Burcu GÜLDÜR ERKAL, Ph.D.
Associate Professor
Department of Civil Engineering
Hacettepe University
Beytepe, Ankara, Turkey, 06800
burcuguldur@hacettepe.edu.tr
TÜBİTAK - 217M513
3D scanner-based Imperfection
Determination of Cold-formed Steel Members for Numerical Modelling
Abstract
Low-to-mid-rise
structures comprise a vast majority of the world’s building stock.
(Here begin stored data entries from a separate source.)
lemma infsum_adjacent_u_diff:
  assumes "d \<ge> 1"
  shows "(\<Sum>\<^sub>\<infinity>x\<in>Zplus d. \<Sum>\<^sub>\<infinity>y\<in>{y\<in>Zplus d. adj d x y}. \<bar>u d n x - u d n y\<bar> powr p)
           = real (card (boundary_edges d n))"
proof -
  have jump: "\<bar>u d n x - u d n y\<bar> powr p = of_bool ((x, y) \<in> boundary_edges d n)"
    if "x \<in> Zplus d" and "y \<in> {y\<in>Zplus d. adj d x y}" for x y
    using that assms
    by (cases "x \<in> cube d n"; cases "y \<in> cube d n") (simp_all add: u_eq_indicator boundary_edges_def)
  have "(\<Sum>\<^sub>\<infinity>x\<in>Zplus d. \<Sum>\<^sub>\<infinity>y\<in>{y\<in>Zplus d. adj d x y}. \<bar>u d n x - u d n y\<bar> powr p)
          = (\<Sum>\<^sub>\<infinity>x\<in>Zplus d. \<Sum>\<^sub>\<infinity>y\<in>{y\<in>Zplus d. adj d x y}. of_bool ((x, y) \<in> boundary_edges d n))"
    using jump by (intro infsum_cong) simp
  also have "\<dots> = real (card (boundary_edges d n \<inter> (SIGMA x:Zplus d. {y\<in>Zplus d. adj d x y})))"
    by (rule infsum_infsum_of_bool[OF finite_boundary_edges])
  also have "boundary_edges d n \<inter> (SIGMA x:Zplus d. {y\<in>Zplus d. adj d x y}) = boundary_edges d n"
    by (auto simp: boundary_edges_def)
  finally show ?thesis .
qed

lemma infsum_adjacent_u_diff_le:
  assumes "d \<ge> 1"
  shows "(\<Sum>\<^sub>\<infinity>x\<in>Zplus d. \<Sum>\<^sub>\<infinity>y\<in>{y\<in>Zplus d. adj d x y}. \<bar>u d n x - u d n y\<bar> powr p)
           \<le> 2 * real d * (real n + 1) ^ (d - 1)"
proof -
  have "real (card (boundary_edges d n)) \<le> real (2 * d * (n + 1) ^ (d - 1))"
    by (simp only: of_nat_le_iff card_boundary_edges_le)
  then show ?thesis
    by (simp add: infsum_adjacent_u_diff[OF assms] add.commute)
qed

theorem proposition3p1:
  fixes d n :: nat and t p :: real
  assumes "d \<ge> 1" and "n \<ge> 1" and "t > 0" and "p > 0"
  shows "((\<Sum>\<^sub>\<infinity>j\<in>Zplus d - {(\<lambda>_. 0)}. \<bar>u d n j\<bar> powr p / supnorm d j powr t)
           \<ge> (if real d - t \<ge> 1 then real d / (real d - t) * real n powr (real d - t)
              else if real d - t \<noteq> 0
                then real d / \<bar>real d - t\<bar> * \<bar>(real n + 1) powr (real d - t) - 1\<bar>
              else real d * ln (real n + 1))) \<and>
         ((\<Sum>\<^sub>\<infinity>x\<in>Zplus d. \<Sum>\<^sub>\<infinity>y\<in>{y\<in>Zplus d. adj d x y}. \<bar>u d n x - u d n y\<bar> powr p)
           \<le> (if d \<ge> 2 then 2 * real d * real n ^ (d - 1) + 2 ^ (d + 1) * real d * real n ^ (d - 2)
              else 2 * real d * real n ^ (d - 1)))"
    (is "?lower \<le> ?sum1 \<and> ?sum2 \<le> ?upper")
proof
  let ?s = "real d - t"
  have "?lower = real d * (if ?s \<ge> 1 then real n powr ?s / ?s
                          else if ?s \<noteq> 0 then \<bar>(real n + 1) powr ?s - 1\<bar> / \<bar>?s\<bar>
                          else ln (real n + 1))"
    by simp
  also have "\<dots> \<le> real d * (\<Sum>k=1..n. real k powr (?s - 1))"
    by (intro mult_left_mono sum_powr_lower_bound) simp
  also have "\<dots> \<le> ?sum1"
    using sum_powr_le_sum_cube_supnorm[OF assms(1)] infsum_u_div_supnorm[OF assms(1)] by simp
  finally show "?lower \<le> ?sum1" .
next
  have "?sum2 \<le> 2 * real d * (real n + 1) ^ (d - 1)"
    by (rule infsum_adjacent_u_diff_le[OF assms(1)])
  also have "\<dots> \<le> ?upper"
  proof (cases "d \<ge> 2")
    case True
    then have "(real n + 1) ^ (d - 1) \<le> real n ^ (d - 1) + 2 ^ d * real n ^ (d - 2)"
      using assms(2) by (intro add_one_power_le) auto
    then have "2 * real d * (real n + 1) ^ (d - 1)
                 \<le> 2 * real d * (real n ^ (d - 1) + 2 ^ d * real n ^ (d - 2))"
      by (rule mult_left_mono) simp
    with True show ?thesis
      by (simp add: algebra_simps)
  qed (use assms(1) in simp)
  finally show "?sum2 \<le> ?upper" .
qed

end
Among this inventory, cold-formed steel (CFS) construction provides
efficient, affordable, and resilient building systems that has risen
to meet both domestic and international demands. Chief among the
advantages of cold-formed construction are high strength-to-weight
ratio (increased structural efficiency and economy in production,
transportation, and handling by reducing labor costs and worker
fatigue); weather and rot-resistant galvanized members; and rapid
construction due to repetitive framing and modular-style walls. The
later has recently opened the door to prefabricated construction –
notably allowing complete structural systems to be erected within a
few weeks for even mid-rise buildings. The prefabricated CFS
construction is especially important since many of our existing
structures is prone to natural disasters such as earthquakes. Thus,
an extreme event may result in immediate need for robust recovery
strategies. At the same time, the unexpected inclination in
migration due to increasing asylum applications, which arises the
need of rapid, temporary and/or permanent housing solutions, is
another area for which the CFS construction offers a potent
solution. The CFS research has evolved significantly during the last
two decades. However, when compared with the traditional
construction steel (hot-rolled steel) research, which is nearly
saturated over the last century, there are still many research
questions regarding the numerical modelling and the seismic
performance of CFS low-rise buildings that haven’t been exhausted
yet. Currently, the capability of Finite Element (FE) methods, which
are frequently used for performing numerical analysis, to predict
the physical response of CFS members is fully dependent on input
selection. In order to investigate this topic further, a research
project, which focuses on enhancing the numerical modelling
methodologies by fully representing CFS members’ geometric
imperfections (that are captured via 3D laser scanners) within the
numerical model, is proposed. Finally, a set of guidelines for the
numerical modelling of geometric imperfections of CFS members will
be developed.
Announcements
| Sept 20, 2022 |
- Initial outcomes of the TÜBİTAK - 217M513 project will
be presented in CFSRC Colloquium
2022 with a presentation titled "Determination of
Geometric Imperfections via 3D Data Processing".
|
| July 19, 2022 |
- Second research paper associated with the TÜBİTAK -
217M513 project is accepted for publication. "Nokta
bulutları kullanılarak hafif çelik elemanlardaki
şekilsel kusurların doğru tespit edilmesi ve
boyutlandırılması (Accurate geometric imperfection
detection and quantification of cold-formed steel
members from point clouds)," will be published in Journal
of Gazi University Faculty of Engineering and
Architecture.
|
| July 2, 2022 |
- First research paper associated with the TÜBİTAK -
217M513 project is now available. "Automated Geometric
Imperfection Detection and Quantification of CFS Members
from Point Clouds," is published in KSCE
Journal of Civil Engineering. Read here: https://rdcu.be/cQOZK
|
| Sept 6, 2021 |
- Project data that includes CFS point clouds and test
data is available upon request. Please contact
burcuguldur@hacettepe.edu.tr for more information.
|
| June 01, 2021 |
- Project is completed on May 31st, 2021.
|